— What you will do —
Retype, word for word, each line between the lines holding "v). -1/2 \<le>" and "and, when \<open>u", inclusive, and leave the rest of the data alone.

[[ Records supplied, beginning ]]

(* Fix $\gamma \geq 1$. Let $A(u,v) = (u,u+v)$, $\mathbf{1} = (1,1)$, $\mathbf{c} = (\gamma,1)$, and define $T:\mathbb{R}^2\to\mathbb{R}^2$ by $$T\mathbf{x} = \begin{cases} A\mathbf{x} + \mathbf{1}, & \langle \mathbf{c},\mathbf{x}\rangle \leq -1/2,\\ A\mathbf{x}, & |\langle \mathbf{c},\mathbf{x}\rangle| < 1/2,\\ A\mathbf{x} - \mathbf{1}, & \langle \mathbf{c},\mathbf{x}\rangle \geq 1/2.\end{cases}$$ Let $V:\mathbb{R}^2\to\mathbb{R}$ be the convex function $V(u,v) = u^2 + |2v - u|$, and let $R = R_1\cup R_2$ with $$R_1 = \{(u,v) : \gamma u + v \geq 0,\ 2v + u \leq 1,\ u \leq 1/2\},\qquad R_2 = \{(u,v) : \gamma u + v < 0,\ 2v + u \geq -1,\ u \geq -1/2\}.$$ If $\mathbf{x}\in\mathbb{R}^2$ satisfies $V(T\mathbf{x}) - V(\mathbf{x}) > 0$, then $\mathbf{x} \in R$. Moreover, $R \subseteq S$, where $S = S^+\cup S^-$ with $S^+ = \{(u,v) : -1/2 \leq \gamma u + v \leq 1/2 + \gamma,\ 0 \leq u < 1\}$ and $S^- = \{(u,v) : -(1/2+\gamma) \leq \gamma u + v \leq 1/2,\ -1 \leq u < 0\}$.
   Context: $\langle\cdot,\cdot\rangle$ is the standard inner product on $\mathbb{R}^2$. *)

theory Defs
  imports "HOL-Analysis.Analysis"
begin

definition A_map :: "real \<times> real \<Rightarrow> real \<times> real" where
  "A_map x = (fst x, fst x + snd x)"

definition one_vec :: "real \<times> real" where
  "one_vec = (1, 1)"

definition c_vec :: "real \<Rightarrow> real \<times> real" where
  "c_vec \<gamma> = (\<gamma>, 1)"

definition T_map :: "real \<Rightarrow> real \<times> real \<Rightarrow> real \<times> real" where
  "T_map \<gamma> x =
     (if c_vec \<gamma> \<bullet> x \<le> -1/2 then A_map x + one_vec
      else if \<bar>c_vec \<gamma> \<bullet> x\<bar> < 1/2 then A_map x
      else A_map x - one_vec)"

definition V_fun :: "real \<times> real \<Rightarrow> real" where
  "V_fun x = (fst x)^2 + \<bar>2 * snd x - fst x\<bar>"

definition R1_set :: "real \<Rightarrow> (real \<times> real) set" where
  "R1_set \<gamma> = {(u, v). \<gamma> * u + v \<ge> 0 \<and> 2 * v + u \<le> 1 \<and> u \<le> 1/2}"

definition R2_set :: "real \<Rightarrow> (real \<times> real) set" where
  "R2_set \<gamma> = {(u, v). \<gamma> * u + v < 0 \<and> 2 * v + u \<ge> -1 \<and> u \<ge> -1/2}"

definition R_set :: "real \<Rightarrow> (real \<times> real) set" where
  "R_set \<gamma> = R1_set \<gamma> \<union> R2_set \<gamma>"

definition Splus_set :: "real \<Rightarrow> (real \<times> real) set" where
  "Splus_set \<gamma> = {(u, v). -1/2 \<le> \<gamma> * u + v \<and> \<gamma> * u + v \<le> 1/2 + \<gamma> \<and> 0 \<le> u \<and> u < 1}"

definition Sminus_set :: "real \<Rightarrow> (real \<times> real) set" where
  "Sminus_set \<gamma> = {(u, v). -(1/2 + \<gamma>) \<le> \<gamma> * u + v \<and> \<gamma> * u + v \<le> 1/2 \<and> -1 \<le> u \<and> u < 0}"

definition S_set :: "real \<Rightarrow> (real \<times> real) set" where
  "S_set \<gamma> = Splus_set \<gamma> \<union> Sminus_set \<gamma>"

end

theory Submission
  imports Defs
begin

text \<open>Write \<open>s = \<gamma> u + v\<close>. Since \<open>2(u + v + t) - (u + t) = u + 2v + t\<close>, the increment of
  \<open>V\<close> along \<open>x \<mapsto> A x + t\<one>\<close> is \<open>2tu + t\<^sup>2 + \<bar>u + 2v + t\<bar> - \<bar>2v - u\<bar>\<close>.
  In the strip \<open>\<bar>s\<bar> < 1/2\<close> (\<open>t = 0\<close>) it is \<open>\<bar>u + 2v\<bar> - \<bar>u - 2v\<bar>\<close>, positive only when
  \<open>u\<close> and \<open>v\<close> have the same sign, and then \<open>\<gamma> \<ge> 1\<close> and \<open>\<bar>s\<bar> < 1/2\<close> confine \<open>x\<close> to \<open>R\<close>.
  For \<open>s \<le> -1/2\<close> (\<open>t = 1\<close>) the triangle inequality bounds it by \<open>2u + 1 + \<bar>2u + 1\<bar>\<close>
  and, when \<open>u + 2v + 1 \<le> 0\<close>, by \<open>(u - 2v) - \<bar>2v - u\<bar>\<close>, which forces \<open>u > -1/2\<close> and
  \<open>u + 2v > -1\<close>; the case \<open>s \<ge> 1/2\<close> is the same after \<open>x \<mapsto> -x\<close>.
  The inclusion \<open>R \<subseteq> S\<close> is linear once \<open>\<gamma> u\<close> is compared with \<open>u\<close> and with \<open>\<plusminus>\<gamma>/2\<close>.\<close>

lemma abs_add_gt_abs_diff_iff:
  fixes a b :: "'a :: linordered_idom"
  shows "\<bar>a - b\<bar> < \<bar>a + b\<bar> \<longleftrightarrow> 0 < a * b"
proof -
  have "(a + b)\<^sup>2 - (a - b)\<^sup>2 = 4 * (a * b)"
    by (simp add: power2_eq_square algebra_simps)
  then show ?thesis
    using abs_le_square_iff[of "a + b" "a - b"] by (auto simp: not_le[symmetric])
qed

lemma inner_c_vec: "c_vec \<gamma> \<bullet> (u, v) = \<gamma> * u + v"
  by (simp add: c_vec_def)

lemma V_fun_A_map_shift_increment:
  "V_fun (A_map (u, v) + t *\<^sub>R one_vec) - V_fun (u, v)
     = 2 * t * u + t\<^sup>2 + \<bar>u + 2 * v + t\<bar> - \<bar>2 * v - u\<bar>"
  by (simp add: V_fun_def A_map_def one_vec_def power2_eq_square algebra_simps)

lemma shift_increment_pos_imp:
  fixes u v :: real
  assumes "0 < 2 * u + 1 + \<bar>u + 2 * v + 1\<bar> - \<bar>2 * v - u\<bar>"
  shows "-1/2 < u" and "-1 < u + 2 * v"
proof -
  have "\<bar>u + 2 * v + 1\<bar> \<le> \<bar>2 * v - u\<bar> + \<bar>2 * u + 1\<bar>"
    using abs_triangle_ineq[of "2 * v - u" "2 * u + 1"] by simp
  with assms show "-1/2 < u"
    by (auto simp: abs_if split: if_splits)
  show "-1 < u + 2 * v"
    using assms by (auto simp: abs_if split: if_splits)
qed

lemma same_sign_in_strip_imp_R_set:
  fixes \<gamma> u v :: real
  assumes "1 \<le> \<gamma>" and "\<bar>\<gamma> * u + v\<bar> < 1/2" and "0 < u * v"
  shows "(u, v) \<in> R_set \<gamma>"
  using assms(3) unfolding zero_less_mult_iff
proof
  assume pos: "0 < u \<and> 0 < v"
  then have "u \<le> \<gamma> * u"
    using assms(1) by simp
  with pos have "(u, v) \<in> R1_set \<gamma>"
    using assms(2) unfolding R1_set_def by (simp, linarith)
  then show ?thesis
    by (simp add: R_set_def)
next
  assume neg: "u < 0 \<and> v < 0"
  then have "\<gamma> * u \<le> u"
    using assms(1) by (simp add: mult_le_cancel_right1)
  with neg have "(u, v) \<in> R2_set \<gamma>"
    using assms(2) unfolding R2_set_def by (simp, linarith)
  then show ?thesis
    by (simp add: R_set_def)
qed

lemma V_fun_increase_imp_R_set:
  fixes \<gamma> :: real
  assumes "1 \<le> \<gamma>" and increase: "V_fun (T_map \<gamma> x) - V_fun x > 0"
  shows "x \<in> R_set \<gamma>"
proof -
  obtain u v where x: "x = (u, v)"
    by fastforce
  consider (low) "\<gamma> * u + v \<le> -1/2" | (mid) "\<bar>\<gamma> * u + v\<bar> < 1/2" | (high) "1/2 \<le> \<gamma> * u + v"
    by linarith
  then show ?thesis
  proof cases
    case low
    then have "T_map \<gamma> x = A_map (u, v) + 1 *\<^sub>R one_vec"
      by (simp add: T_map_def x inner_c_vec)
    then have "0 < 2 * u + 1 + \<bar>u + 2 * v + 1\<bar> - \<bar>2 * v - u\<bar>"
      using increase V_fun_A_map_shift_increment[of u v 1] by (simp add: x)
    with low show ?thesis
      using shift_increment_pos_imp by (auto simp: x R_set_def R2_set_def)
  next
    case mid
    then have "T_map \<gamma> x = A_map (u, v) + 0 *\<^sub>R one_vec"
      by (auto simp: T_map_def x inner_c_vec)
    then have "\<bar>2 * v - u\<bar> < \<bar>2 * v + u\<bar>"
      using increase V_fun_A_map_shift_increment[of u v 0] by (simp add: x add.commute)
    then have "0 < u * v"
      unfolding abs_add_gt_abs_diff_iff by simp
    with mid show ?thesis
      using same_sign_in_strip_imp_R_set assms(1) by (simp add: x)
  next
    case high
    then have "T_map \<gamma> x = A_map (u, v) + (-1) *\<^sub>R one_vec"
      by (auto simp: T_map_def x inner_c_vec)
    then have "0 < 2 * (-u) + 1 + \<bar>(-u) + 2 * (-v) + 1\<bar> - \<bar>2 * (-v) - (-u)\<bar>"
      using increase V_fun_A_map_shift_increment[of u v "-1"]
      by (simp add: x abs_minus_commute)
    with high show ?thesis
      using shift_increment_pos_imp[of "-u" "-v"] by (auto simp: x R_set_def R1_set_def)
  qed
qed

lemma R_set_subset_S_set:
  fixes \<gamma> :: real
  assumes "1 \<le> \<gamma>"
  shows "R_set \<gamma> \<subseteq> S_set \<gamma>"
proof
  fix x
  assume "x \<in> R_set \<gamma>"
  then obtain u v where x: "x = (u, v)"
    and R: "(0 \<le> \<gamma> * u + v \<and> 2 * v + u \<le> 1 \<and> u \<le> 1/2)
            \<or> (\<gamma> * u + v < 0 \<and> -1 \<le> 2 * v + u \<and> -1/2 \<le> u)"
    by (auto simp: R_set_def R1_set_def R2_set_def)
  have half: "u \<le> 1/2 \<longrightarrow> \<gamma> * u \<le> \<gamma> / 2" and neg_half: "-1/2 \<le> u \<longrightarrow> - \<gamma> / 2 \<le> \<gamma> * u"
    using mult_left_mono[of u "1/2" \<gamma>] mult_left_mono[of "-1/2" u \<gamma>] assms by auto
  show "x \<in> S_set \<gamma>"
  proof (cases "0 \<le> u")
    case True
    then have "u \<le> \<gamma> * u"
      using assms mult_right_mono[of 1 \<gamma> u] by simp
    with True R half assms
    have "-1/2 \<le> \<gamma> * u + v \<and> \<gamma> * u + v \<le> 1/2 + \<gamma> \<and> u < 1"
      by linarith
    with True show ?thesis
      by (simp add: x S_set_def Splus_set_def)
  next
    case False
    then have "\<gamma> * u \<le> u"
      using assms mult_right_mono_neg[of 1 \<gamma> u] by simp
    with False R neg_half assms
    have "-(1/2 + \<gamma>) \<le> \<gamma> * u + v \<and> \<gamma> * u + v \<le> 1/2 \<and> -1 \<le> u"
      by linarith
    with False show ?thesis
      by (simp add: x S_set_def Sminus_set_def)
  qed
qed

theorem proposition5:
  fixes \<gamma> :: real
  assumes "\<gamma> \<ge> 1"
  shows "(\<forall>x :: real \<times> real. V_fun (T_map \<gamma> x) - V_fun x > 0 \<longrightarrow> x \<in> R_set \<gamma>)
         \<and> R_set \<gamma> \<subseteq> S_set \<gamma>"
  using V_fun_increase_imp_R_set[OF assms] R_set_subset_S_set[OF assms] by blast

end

[[ Records supplied, end ]]
[[ Records supplied, beginning ]]

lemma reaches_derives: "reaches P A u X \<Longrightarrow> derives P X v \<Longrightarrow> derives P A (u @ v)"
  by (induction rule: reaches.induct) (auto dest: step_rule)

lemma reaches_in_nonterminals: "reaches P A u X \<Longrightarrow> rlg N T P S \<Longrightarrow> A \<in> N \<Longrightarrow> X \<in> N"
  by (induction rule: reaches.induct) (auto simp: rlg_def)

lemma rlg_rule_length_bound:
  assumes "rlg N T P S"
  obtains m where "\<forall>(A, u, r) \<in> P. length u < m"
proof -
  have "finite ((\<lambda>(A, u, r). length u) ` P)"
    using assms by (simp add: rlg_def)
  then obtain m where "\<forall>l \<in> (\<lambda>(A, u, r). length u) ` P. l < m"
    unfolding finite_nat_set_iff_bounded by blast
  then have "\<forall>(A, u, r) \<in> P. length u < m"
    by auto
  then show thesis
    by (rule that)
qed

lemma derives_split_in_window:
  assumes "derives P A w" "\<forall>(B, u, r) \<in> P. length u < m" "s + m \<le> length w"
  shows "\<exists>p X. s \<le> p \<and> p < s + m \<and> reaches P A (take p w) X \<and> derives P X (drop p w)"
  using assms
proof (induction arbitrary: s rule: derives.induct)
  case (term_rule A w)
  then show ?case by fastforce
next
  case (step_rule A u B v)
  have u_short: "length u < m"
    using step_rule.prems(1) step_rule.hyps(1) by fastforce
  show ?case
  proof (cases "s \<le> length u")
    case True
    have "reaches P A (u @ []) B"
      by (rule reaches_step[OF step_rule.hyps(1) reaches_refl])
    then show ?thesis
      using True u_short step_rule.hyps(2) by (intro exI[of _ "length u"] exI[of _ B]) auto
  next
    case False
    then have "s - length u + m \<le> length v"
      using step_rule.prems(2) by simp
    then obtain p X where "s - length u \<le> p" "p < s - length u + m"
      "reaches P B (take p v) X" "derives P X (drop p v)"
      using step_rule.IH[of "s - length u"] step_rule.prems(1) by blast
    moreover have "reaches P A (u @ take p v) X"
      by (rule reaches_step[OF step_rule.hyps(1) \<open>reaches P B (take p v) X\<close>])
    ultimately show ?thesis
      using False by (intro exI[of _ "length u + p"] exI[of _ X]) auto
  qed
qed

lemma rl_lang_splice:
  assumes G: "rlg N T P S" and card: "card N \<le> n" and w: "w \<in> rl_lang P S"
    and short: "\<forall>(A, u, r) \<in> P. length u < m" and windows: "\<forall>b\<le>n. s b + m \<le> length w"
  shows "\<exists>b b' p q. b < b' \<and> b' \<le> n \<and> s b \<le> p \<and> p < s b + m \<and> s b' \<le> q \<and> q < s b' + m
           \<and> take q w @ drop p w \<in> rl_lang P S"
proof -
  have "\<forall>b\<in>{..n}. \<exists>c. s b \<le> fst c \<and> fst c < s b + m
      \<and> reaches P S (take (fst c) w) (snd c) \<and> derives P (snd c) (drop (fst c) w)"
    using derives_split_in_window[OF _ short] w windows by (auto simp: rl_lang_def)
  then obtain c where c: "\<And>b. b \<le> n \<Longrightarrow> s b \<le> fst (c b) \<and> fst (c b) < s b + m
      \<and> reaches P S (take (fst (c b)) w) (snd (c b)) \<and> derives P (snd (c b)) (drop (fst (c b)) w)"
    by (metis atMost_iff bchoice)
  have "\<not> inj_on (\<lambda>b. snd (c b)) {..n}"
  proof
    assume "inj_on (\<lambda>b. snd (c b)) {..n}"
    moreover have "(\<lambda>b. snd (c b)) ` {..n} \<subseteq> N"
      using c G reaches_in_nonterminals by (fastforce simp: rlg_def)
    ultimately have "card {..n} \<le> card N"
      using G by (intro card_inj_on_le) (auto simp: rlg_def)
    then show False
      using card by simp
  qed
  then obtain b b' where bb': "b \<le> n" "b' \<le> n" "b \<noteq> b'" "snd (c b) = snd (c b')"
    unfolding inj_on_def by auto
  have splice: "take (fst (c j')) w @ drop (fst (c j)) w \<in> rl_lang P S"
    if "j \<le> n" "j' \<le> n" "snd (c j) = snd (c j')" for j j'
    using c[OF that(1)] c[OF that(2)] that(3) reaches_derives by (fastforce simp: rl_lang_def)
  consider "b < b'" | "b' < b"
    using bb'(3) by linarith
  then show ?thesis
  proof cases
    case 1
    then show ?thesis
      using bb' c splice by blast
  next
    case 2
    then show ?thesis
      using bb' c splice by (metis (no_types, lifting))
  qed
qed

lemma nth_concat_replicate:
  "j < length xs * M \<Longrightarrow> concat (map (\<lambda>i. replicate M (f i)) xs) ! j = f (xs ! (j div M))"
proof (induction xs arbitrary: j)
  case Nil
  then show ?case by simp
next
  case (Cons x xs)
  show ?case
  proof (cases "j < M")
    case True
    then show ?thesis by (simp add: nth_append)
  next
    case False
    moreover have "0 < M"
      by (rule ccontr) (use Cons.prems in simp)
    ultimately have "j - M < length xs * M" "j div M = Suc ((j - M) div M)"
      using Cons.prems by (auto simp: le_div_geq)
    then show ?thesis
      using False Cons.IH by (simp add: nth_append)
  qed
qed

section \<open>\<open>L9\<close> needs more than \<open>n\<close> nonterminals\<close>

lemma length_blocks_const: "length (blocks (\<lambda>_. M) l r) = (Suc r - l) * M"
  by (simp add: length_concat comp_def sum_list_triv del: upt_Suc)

[[ Records supplied, end ]]

— Written reply —
  "Splus_set \<gamma> = {(u, v). -1/2 \<le> \<gamma> * u + v \<and> \<gamma> * u + v \<le> 1/2 + \<gamma> \<and> 0 \<le> u \<and> u < 1}"

definition Sminus_set :: "real \<Rightarrow> (real \<times> real) set" where
  "Sminus_set \<gamma> = {(u, v). -(1/2 + \<gamma>) \<le> \<gamma> * u + v \<and> \<gamma> * u + v \<le> 1/2 \<and> -1 \<le> u \<and> u < 0}"

definition S_set :: "real \<Rightarrow> (real \<times> real) set" where
  "S_set \<gamma> = Splus_set \<gamma> \<union> Sminus_set \<gamma>"

end

theory Submission
  imports Defs
begin

text \<open>Write \<open>s = \<gamma> u + v\<close>. Since \<open>2(u + v + t) - (u + t) = u + 2v + t\<close>, the increment of
  \<open>V\<close> along \<open>x \<mapsto> A x + t\<one>\<close> is \<open>2tu + t\<^sup>2 + \<bar>u + 2v + t\<bar> - \<bar>2v - u\<bar>\<close>.
  In the strip \<open>\<bar>s\<bar> < 1/2\<close> (\<open>t = 0\<close>) it is \<open>\<bar>u + 2v\<bar> - \<bar>u - 2v\<bar>\<close>, positive only when
  \<open>u\<close> and \<open>v\<close> have the same sign, and then \<open>\<gamma> \<ge> 1\<close> and \<open>\<bar>s\<bar> < 1/2\<close> confine \<open>x\<close> to \<open>R\<close>.
  For \<open>s \<le> -1/2\<close> (\<open>t = 1\<close>) the triangle inequality bounds it by \<open>2u + 1 + \<bar>2u + 1\<bar>\<close>
  and, when \<open>u + 2v + 1 \<le> 0\<close>, by \<open>(u - 2v) - \<bar>2v - u\<bar>\<close>, which forces \<open>u > -1/2\<close> and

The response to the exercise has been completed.